[Task directions] Leave every entry as it is and write the data out in full.

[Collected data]
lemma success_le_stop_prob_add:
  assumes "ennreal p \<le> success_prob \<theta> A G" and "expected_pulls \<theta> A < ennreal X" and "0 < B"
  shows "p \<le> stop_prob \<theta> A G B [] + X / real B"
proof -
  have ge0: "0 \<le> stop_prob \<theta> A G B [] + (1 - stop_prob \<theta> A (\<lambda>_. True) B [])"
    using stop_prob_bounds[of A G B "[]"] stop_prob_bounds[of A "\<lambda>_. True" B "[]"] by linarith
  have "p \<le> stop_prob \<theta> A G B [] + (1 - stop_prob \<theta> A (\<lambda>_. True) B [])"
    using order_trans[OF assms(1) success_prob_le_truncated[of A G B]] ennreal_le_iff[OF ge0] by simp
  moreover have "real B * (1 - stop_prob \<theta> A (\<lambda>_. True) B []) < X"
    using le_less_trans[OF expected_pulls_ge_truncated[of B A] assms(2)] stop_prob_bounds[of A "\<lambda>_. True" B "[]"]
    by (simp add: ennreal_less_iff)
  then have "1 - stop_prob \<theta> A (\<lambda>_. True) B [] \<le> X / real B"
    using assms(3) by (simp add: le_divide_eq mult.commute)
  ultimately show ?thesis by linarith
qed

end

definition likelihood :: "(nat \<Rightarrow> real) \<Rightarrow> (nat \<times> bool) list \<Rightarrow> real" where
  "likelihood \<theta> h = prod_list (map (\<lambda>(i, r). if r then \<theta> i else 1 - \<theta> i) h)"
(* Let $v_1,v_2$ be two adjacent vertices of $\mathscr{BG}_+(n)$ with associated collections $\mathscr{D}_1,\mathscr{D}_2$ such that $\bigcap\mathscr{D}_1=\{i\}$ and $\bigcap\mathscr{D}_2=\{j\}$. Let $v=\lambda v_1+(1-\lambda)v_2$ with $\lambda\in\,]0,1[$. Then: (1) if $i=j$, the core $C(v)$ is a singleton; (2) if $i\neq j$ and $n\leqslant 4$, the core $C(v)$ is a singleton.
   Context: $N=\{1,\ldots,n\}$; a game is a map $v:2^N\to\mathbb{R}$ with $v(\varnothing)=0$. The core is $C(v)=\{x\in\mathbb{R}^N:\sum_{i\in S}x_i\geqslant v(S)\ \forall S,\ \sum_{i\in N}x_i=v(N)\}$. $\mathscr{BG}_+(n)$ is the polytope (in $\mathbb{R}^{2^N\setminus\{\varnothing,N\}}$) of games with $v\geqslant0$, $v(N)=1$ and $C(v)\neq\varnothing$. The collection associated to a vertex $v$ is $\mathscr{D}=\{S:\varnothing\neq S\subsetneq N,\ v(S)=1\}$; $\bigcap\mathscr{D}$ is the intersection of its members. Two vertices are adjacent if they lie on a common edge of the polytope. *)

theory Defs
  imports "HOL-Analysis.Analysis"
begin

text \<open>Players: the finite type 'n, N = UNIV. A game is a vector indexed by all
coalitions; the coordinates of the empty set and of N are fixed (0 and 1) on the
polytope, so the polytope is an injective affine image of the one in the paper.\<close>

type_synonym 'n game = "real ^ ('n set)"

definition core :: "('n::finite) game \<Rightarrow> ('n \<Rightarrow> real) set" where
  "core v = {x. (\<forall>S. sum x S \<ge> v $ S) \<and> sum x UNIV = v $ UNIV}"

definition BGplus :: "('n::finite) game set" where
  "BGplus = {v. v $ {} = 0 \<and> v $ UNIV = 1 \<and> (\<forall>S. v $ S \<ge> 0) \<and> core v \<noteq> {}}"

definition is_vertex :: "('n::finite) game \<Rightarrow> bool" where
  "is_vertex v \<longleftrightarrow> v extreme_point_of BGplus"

[Written response]
lemma success_le_stop_prob_add:
  assumes "ennreal p \<le> success_prob \<theta> A G" and "expected_pulls \<theta> A < ennreal X" and "0 < B"
  shows "p \<le> stop_prob \<theta> A G B [] + X / real B"
proof -
  have ge0: "0 \<le> stop_prob \<theta> A G B [] + (1 - stop_prob \<theta> A (\<lambda>_. True) B [])"
    using stop_prob_bounds[of A G B "[]"] stop_prob_bounds[of A "\<lambda>_. True" B "[]"] by linarith
  have "p \<le> stop_prob \<theta> A G B [] + (1 - stop_prob \<theta> A (\<lambda>_. True) B [])"
    using order_trans[OF assms(1) success_prob_le_truncated[of A G B]] ennreal_le_iff[OF ge0] by simp
  moreover have "real B * (1 - stop_prob \<theta> A (\<lambda>_. True) B []) < X"
    using le_less_trans[OF expected_pulls_ge_truncated[of B A] assms(2)] stop_prob_bounds[of A "\<lambda>_. True" B "[]"]
    by (simp add: ennreal_less_iff)
  then have "1 - stop_prob \<theta> A (\<lambda>_. True) B [] \<le> X / real B"
    using assms(3) by (simp add: le_divide_eq mult.commute)
  ultimately show ?thesis by linarith
qed

end

definition likelihood :: "(nat \<Rightarrow> real) \<Rightarrow> (nat \<times> bool) list \<Rightarrow> real" where
  "likelihood \<theta> h = prod_list (map (\<lambda>(i, r). if r then \<theta> i else 1 - \<theta> i) h)"
(* Let $v_1,v_2$ be two adjacent vertices of $\mathscr{BG}_+(n)$ with associated collections $\mathscr{D}_1,\mathscr{D}_2$ such that $\bigcap\mathscr{D}_1=\{i\}$ and $\bigcap\mathscr{D}_2=\{j\}$. Let $v=\lambda v_1+(1-\lambda)v_2$ with $\lambda\in\,]0,1[$. Then: (1) if $i=j$, the core $C(v)$ is a singleton; (2) if $i\neq j$ and $n\leqslant 4$, the core $C(v)$ is a singleton.
   Context: $N=\{1,\ldots,n\}$; a game is a map $v:2^N\to\mathbb{R}$ with $v(\varnothing)=0$. The core is $C(v)=\{x\in\mathbb{R}^N:\sum_{i\in S}x_i\geqslant v(S)\ \forall S,\ \sum_{i\in N}x_i=v(N)\}$. $\mathscr{BG}_+(n)$ is the polytope (in $\mathbb{R}^{2^N\setminus\{\varnothing,N\}}$) of games with $v\geqslant0$, $v(N)=1$ and $C(v)\neq\varnothing$. The collection associated to a vertex $v$ is $\mathscr{D}=\{S:\varnothing\neq S\subsetneq N,\ v(S)=1\}$; $\bigcap\mathscr{D}$ is the intersection of its members. Two vertices are adjacent if they lie on a common edge of the polytope. *)

theory Defs
  imports "HOL-Analysis.Analysis"
begin

text \<open>Players: the finite type 'n, N = UNIV. A game is a vector indexed by all
coalitions; the coordinates of the empty set and of N are fixed (0 and 1) on the
polytope, so the polytope is an injective affine image of the one in the paper.\<close>

type_synonym 'n game = "real ^ ('n set)"

definition core :: "('n::finite) game \<Rightarrow> ('n \<Rightarrow> real) set" where
  "core v = {x. (\<forall>S. sum x S \<ge> v $ S) \<and> sum x UNIV = v $ UNIV}"

definition BGplus :: "('n::finite) game set" where
  "BGplus = {v. v $ {} = 0 \<and> v $ UNIV = 1 \<and> (\<forall>S. v $ S \<ge> 0) \<and> core v \<noteq> {}}"

definition is_vertex :: "('n::finite) game \<Rightarrow> bool" where
  "is_vertex v \<longleftrightarrow> v extreme_point_of BGplus"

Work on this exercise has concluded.